Ему бы лекции читать. Все студенты бы уснули в первые же пять минут — никаких эмоций, никаких интонаций. Абсолютно мертвый голос. Резкий. Сухой. И причиняющий боль, как удар хлыста для бедной лошади. Но я стояла на месте, не в силах сделать и шага от стены. Я потерялась в пространстве и темноте и не могла понять, куда идти, чтобы вновь не оказаться в объятьях барона. Хватит — теперь они точно будут дву-, а то и трехсмысленными.

— Пан барон, такого больше не повторится. Ноги моей в кухне больше не будет.
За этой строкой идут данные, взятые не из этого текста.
(* Let $\mathscr{H}_2$ be the class of graphs $G$ on at least twelve vertices with $\gamma(G)=2$ and $\operatorname{diam}(\overline{G})=2$. Then $\mathscr{H}_2$ is recognizable: every graph $H$ with $\mathscr{D}(H)=\mathscr{D}(G)$ for some $G\in\mathscr{H}_2$ belongs to $\mathscr{H}_2$.
   Context: All graphs are finite, simple and undirected; $\overline{G}$ is the complement, $\operatorname{diam}$ the diameter and $\gamma$ the domination number. For a vertex $v$, the card $G-v$ is the unlabeled graph obtained by deleting $v$; the deck $\mathscr{D}(G)$ is the multiset of all cards up to isomorphism. A class of graphs is recognizable if every reconstruction (graph with the same deck) of a member of the class is again a member. *)

theory Defs
  imports Main "HOL-Library.Extended_Nat"
begin

type_synonym 'a graph = "'a set \<times> 'a set set"

definition verts :: "'a graph \<Rightarrow> 'a set" where "verts G = fst G"
definition edges :: "'a graph \<Rightarrow> 'a set set" where "edges G = snd G"

definition wf_graph :: "'a graph \<Rightarrow> bool" where
  "wf_graph G \<longleftrightarrow> finite (verts G) \<and>
     (\<forall>e\<in>edges G. \<exists>u v. u \<noteq> v \<and> u \<in> verts G \<and> v \<in> verts G \<and> e = {u, v})"

definition adj :: "'a graph \<Rightarrow> 'a \<Rightarrow> 'a \<Rightarrow> bool" where
  "adj G u v \<longleftrightarrow> {u, v} \<in> edges G"

definition compl_graph :: "'a graph \<Rightarrow> 'a graph" where
  "compl_graph G = (verts G,
     {{u, v} | u v. u \<in> verts G \<and> v \<in> verts G \<and> u \<noteq> v \<and> {u, v} \<notin> edges G})"

definition delete_vertex :: "'a graph \<Rightarrow> 'a \<Rightarrow> 'a graph" where
  "delete_vertex G v = (verts G - {v}, {e \<in> edges G. v \<notin> e})"

definition graph_iso :: "'a graph \<Rightarrow> 'b graph \<Rightarrow> bool" where
  "graph_iso G H \<longleftrightarrow> (\<exists>f. bij_betw f (verts G) (verts H) \<and>
     (\<forall>u\<in>verts G. \<forall>v\<in>verts G. adj G u v \<longleftrightarrow> adj H (f u) (f v)))"

text \<open>Equal decks: a bijection of vertices matching cards up to isomorphism
  (equivalently, the multisets of isomorphism classes of cards coincide).\<close>
definition same_deck :: "'a graph \<Rightarrow> 'b graph \<Rightarrow> bool" where
  "same_deck G H \<longleftrightarrow> (\<exists>\<sigma>. bij_betw \<sigma> (verts G) (verts H) \<and>
     (\<forall>v\<in>verts G. graph_iso (delete_vertex G v) (delete_vertex H (\<sigma> v))))"

definition dominating :: "'a graph \<Rightarrow> 'a set \<Rightarrow> bool" where
  "dominating G D \<longleftrightarrow> D \<subseteq> verts G \<and>
     (\<forall>v\<in>verts G - D. \<exists>u\<in>D. adj G u v)"

definition domination_number :: "'a graph \<Rightarrow> nat" where
  "domination_number G = Min {card D | D. dominating G D}"

definition walk :: "'a graph \<Rightarrow> 'a list \<Rightarrow> bool" where
  "walk G xs \<longleftrightarrow> xs \<noteq> [] \<and> set xs \<subseteq> verts G \<and>
     (\<forall>i. Suc i < length xs \<longrightarrow> adj G (xs ! i) (xs ! Suc i))"

definition has_walk_len :: "'a graph \<Rightarrow> 'a \<Rightarrow> 'a \<Rightarrow> nat \<Rightarrow> bool" where
  "has_walk_len G u v n \<longleftrightarrow>
     (\<exists>xs. walk G xs \<and> hd xs = u \<and> last xs = v \<and> length xs = Suc n)"

definition dist :: "'a graph \<Rightarrow> 'a \<Rightarrow> 'a \<Rightarrow> enat" where
  "dist G u v = (if \<exists>n. has_walk_len G u v n
                 then enat (LEAST n. has_walk_len G u v n) else \<infinity>)"

definition diam :: "'a graph \<Rightarrow> enat" where
  "diam G = Sup {dist G u v | u v. u \<in> verts G \<and> v \<in> verts G}"

definition class_H2 :: "'a graph \<Rightarrow> bool" where
  "class_H2 G \<longleftrightarrow> wf_graph G \<and> card (verts G) \<ge> 12 \<and>
     domination_number G = 2 \<and> diam (compl_graph G) = 2"

end

theory Submission
  imports Defs
begin

text \<open>
  For a pair {x, y} of distinct vertices call a vertex outside the pair undominated if it is
  adjacent to neither x nor y. Since diam of the complement is at most 2 exactly when every edge
  has a common non-neighbour, a graph on n \<ge> 12 vertices lies in H_2 iff no edge leaves zero
  vertices undominated while some non-edge does.

  Let a_k count the edges (or the non-edges) leaving exactly k vertices undominated. Counting over
  the cards, a pair survives in G - w unless w lies in it, and loses an undominated vertex iff w
  was one, so the deck determines (n - 2 - k) a_k + (k + 1) a_(k+1) for every k. For a
  reconstruction H the differences d_k = a_k(G) - a_k(H) therefore satisfy
  d_k = (-1)^k C(n-2, k) d_0, and |d_3| \<le> C(n, 2) < C(n-2, 3) forces d_0 = 0.
\<close>

lemma binomial_recurrence_solution:
  fixes d :: "nat \<Rightarrow> int"
  assumes rec: "\<And>k. int (m - k) * d k + int (Suc k) * d (Suc k) = 0"
  shows "d k = (-1) ^ k * int (m choose k) * d 0"
proof (induction k)
  case 0
  then show ?case by simp
next
  case (Suc k)
  have "Suc k * (m choose Suc k) = (m - k) * (m choose k)"
    using binomial_absorption[of k m] binomial_absorb_comp[of m k] by simp
  then have absorb: "int (Suc k) * int (m choose Suc k) = int (m - k) * int (m choose k)"
    by (metis of_nat_mult)
  have "int (Suc k) * d (Suc k) = - int (m - k) * d k"
    using rec[of k] by simp
  also have "\<dots> = - ((-1) ^ k * d 0) * (int (m - k) * int (m choose k))"
    using Suc.IH by (simp add: algebra_simps)
  also have "\<dots> = int (Suc k) * ((-1) ^ Suc k * int (m choose Suc k) * d 0)"
    unfolding absorb[symmetric] by (simp add: algebra_simps)
  finally show ?case
    by (metis mult_cancel_left of_nat_eq_0_iff nat.distinct(1))
qed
— Даже если я попрошу? — снова прозвучал смешок, только как-то отдельно от остальной речи. — Вы великолепно готовите, пани Вера.

Даже глухой бы услышал в этот момент скрежет моих зубов. И глухой в этот момент была только я, потому что в моей голове по новой звучал кашель барона, когда тот подавился моими такими вкусными, по его словам, оладьями.

— Я это поняла, — сказала я, не в силах больше скрывать раздражения.

Он понял, что над ним подшутили. Жестоко. Но сделала это не я, а его собственный слуга. Почему же достается только мне? Ни за что!

— Я не шучу. Это было вкусно, даже с учетом того, что я сунул их в рот на ходу. Мать всегда ругала меня за подобное — сын, не хватай руками, сядь за стол, как подобает воспитанному мальчику, возьми вилку и нож… Наверное, меня плохо воспитали, потому что я до сих пор люблю есть стоя и предпочитаю делать это в кухне в полной темноте… Как в детстве, когда я тайком прокрадывался в буфет… Вы, пани Вера, никогда разве так не поступали?

— Нет, — отрезала я. — Я всегда с вечера клала себе под подушку печенье.

Я говорила правду, чего врать… Сейчас правда важнее, но не родом из детства, а та, что докажет барону, как мне ужасно стыдно перед ним. Я перечислила все известные мне чешские клише, но ни одно из них не возымело над Миланом нужного мне эффекта. Он молчал, внимая моей покаянной речи. Целых пять минут! И наконец заговорил:

— Пани Вера, умоляю… — в голосе барона зазвучали эмоции, но я не могла понять какие, но злости точно среди них больше не было. — Я безумно люблю кровь и орехи, а вместе это двойное удовольствие, вы не находите?

Я молчала. Слова не соответствовали интонации. Словами барон продолжал надо мной издеваться! И за вампира, роль которого стремился навязать ему пан Ондржей, и вообще за напоминание про музей.

— Потому мне тоже захотелось сделать для вас что-нибудь приятное, — продолжал барон настолько игриво, что у меня мурашки разбежались по телу от неприятного предчувствия: чем он меня накормит: жареными мышами?

— Что это может быть, пани Вера?

Я вздрогнула еще сильнее — мышь серая, дура набитая… Тебя, как всегда, угораздило вляпаться вовсе не в сливки. Барон Сметана, наверное, глядел на меня сейчас с совсем не платоническим интересом.

— Вы не знаете, что доставляет вам удовольствие?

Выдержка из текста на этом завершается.